そもそも「聖域」とは何か。コメだけでも例外にするのは不可能に近い。今まで日本が「聖域」にしてきた(関税分類上の)840品目を守ることは不可能だ。全国の地域コミュニティ崩壊は避けられない。
日本にとっての「聖域」は到底守られない。「聖域なき関税撤廃」は回避できない。
(4)日本がどの段階で交渉に参加しようが、法外な「入場料」だけ払わされて、ただ、できあがった協定を受け入れるだけで、交渉のの余地も逃げる余地もない。
米国は、「日本の承認手続きと現9ヵ国による協定の策定は別々に進められる」と言っている。最近、米国がメキシコやカナダの参加を認めたときも、屈辱的な「念書」が交わされ、「すでに合意されたTPPの内容については変更を求めることはできないし、今後、決められる協定の内容についても口は挟ませない」ことを約束させられている。

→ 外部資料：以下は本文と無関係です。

lemma S_eq_events: "{\<omega>\<in>space M. S \<omega> = T} \<in> events"
  using pred_count_space_const1[OF S_measurable] by (simp add: pred_def)

lemma first_observed_events:
  assumes "t \<in> {1..B}"
  shows "first_observed a t \<in> events"
proof -
  have "first_observed a t = {\<omega>\<in>space M. {a} \<subseteq> unobserved k X t \<omega>} \<inter> {\<omega>\<in>space M. X t \<omega> = a}"
    unfolding first_observed_def by auto
  also have "\<dots> \<in> events"
    using assms by (intro sets.Int Collect_subset_unobserved_events X_eq_events) auto
  finally show ?thesis .
qed

lemma selected_unobserved_events: "selected_unobserved T \<in> events"
proof -
  have "selected_unobserved T = {\<omega>\<in>space M. T \<subseteq> unobserved k X (B + 1) \<omega>} \<inter> {\<omega>\<in>space M. S \<omega> = T}"
    unfolding selected_unobserved_def by auto
  also have "\<dots> \<in> events"
    by (intro sets.Int Collect_subset_unobserved_events S_eq_events) simp
  finally show ?thesis .
qed

lemma prob_first_observed_mult_le_1:
  assumes t: "t \<in> {1..B}"
  shows "real (k - (t - 1)) * prob (first_observed a t) \<le> 1"
proof -
  define E where "E b = {\<omega>\<in>space M. {a, b} \<subseteq> unobserved k X t \<omega>}" for b
  define C where "C b = {\<omega>\<in>space M. {b} \<subseteq> unobserved k X t \<omega>}" for b
  show ?thesis
  proof (rule of_nat_mult_prob_le_1_by_disjoint_copies
      [where J = "{1..k}" and C = C and D = "\<lambda>b. E b \<inter> {\<omega>\<in>space M. X t \<omega> = b}"])
    fix \<omega> assume "\<omega> \<in> first_observed a t"
    then have "{b\<in>{1..k}. \<omega> \<in> C b} = unobserved k X t \<omega>"
      unfolding first_observed_def C_def unobserved_def by auto
    then show "k - (t - 1) \<le> card {b\<in>{1..k}. \<omega> \<in> C b}"
      by (metis card_unobserved_ge)
  next
    fix b
    have "first_observed a t \<inter> C b = E b \<inter> {\<omega>\<in>space M. X t \<omega> = a}"
      unfolding first_observed_def C_def E_def by auto
    moreover have "E b \<in> hist_sets M X Y t"
      unfolding E_def by (rule Collect_subset_unobserved_in_hist_sets)
    ultimately show "prob (first_observed a t \<inter> C b) = prob (E b \<inter> {\<omega>\<in>space M. X t \<omega> = b})"
      using property1[OF t, of "E b" a b] unfolding E_def by auto
  next
    show "first_observed a t \<in> events" using t by (rule first_observed_events)
  next
    show "C b \<in> events" "E b \<inter> {\<omega>\<in>space M. X t \<omega> = b} \<in> events" if "b \<in> {1..k}" for b
      unfolding C_def E_def using t by (intro sets.Int Collect_subset_unobserved_events X_eq_events; simp)+
  next
    show "disjoint_family_on (\<lambda>b. E b \<inter> {\<omega>\<in>space M. X t \<omega> = b}) {1..k}"
      unfolding disjoint_family_on_def by auto
  qed simp
qed

lemma prob_selected_unobserved_mult_le_1:
  assumes T: "card T = m"
  shows "real (k div m - B) * prob (selected_unobserved T) \<le> 1"
proof -
  define I where "I j = {j*m+1..j*m+m}" for j
  define E where "E j = {\<omega>\<in>space M. T \<union> I j \<subseteq> unobserved k X (B + 1) \<omega>}" for j
  define C where "C j = {\<omega>\<in>space M. I j \<subseteq> unobserved k X (B + 1) \<omega>}" for j
  have I_sub: "I j \<subseteq> {1..k}" if "j < k div m" for j
  proof -
    have "Suc j * m \<le> k div m * m" using that by (intro mult_le_mono1) simp
    also have "\<dots> \<le> k" by simp
    finally show ?thesis unfolding I_def by auto
  qed
  show ?thesis
  proof (rule of_nat_mult_prob_le_1_by_disjoint_copies
      [where J = "{..<k div m}" and C = C and D = "\<lambda>j. E j \<inter> {\<omega>\<in>space M. S \<omega> = I j}"])
    fix \<omega> assume \<omega>: "\<omega> \<in> selected_unobserved T"
    define V where "V = (\<lambda>s. X s \<omega>) ` {1..B}"
    let ?bad = "{j\<in>{..<k div m}. \<omega> \<notin> C j}"
    have "card ?bad \<le> card V"
    proof (rule card_blocks_meeting_le[OF _ m_pos])
      fix j assume j: "j \<in> ?bad"
      with \<omega> obtain x where x: "x \<in> I j" "x \<notin> unobserved k X (B + 1) \<omega>"
        unfolding selected_unobserved_def C_def by auto
      moreover have "x \<in> {1..k}" using j subsetD[OF I_sub x(1)] by simp
      ultimately have "x \<in> V" unfolding unobserved_def V_def by auto
      with x show "{j*m+1..j*m+m} \<inter> V \<noteq> {}" unfolding I_def by auto
    qed (simp add: V_def)
    also have "card V \<le> B"
      using card_image_le[of "{1..B}" "\<lambda>s. X s \<omega>"] unfolding V_def by simp
    finally have "card ?bad \<le> B" .
    moreover have "card {..<k div m} - card ?bad \<le> card ({..<k div m} - ?bad)"
      by (rule diff_card_le_card_Diff) simp
    moreover have "{..<k div m} - ?bad = {j\<in>{..<k div m}. \<omega> \<in> C j}" by blast
    ultimately show "k div m - B \<le> card {j\<in>{..<k div m}. \<omega> \<in> C j}" by simp
  next
    fix j
    have "selected_unobserved T \<inter> C j = E j \<inter> {\<omega>\<in>space M. S \<omega> = T}"
      unfolding selected_unobserved_def C_def E_def by auto
    moreover have "E j \<in> hist_sets M X Y (B + 1)"
      unfolding E_def by (rule Collect_subset_unobserved_in_hist_sets)
    moreover have "card (I j) = m" unfolding I_def by simp
    ultimately show "prob (selected_unobserved T \<inter> C j) = prob (E j \<inter> {\<omega>\<in>space M. S \<omega> = I j})"
      using property2[of "E j" T "I j"] T unfolding E_def by auto
  next
    have "I i \<noteq> I j" if "i \<noteq> j" for i j
    proof
      assume "I i = I j"
      then have "i*m + 1 \<in> I j" unfolding I_def using m_pos by auto
      then have "(i*m + 1 - 1) div m = j"
        unfolding I_def by (intro div_nat_eqI) (auto simp: mult.commute)
      with that m_pos show False by simp
    qed
    then show "disjoint_family_on (\<lambda>j. E j \<inter> {\<omega>\<in>space M. S \<omega> = I j}) {..<k div m}"
      unfolding disjoint_family_on_def by auto
  next
    show "C j \<in> events" "E j \<inter> {\<omega>\<in>space M. S \<omega> = I j} \<in> events" for j
      unfolding C_def E_def by (intro sets.Int Collect_subset_unobserved_events S_eq_events; simp)+
  qed (simp_all add: selected_unobserved_events)
qed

(5)共同声明では、「自動車部門や保険分野に関する残された懸案事項」について、日本が早急に「入場料」を支払うよう明記された。「その他の非関税措置」についても対処を求められた。「入場料」だけ一方的に求められるようなものだ。
「入場料」交渉については、国民にも国会議員にも隠されてきた。今回の共同声明で「公然の秘密」となった。「情報収集のための事前協議」とウソを言い続け、水面下では自動車、郵政、BSEの規制緩和など、米国の要求する「入場料」に対して必死で答える裏交渉を煮詰めてきた。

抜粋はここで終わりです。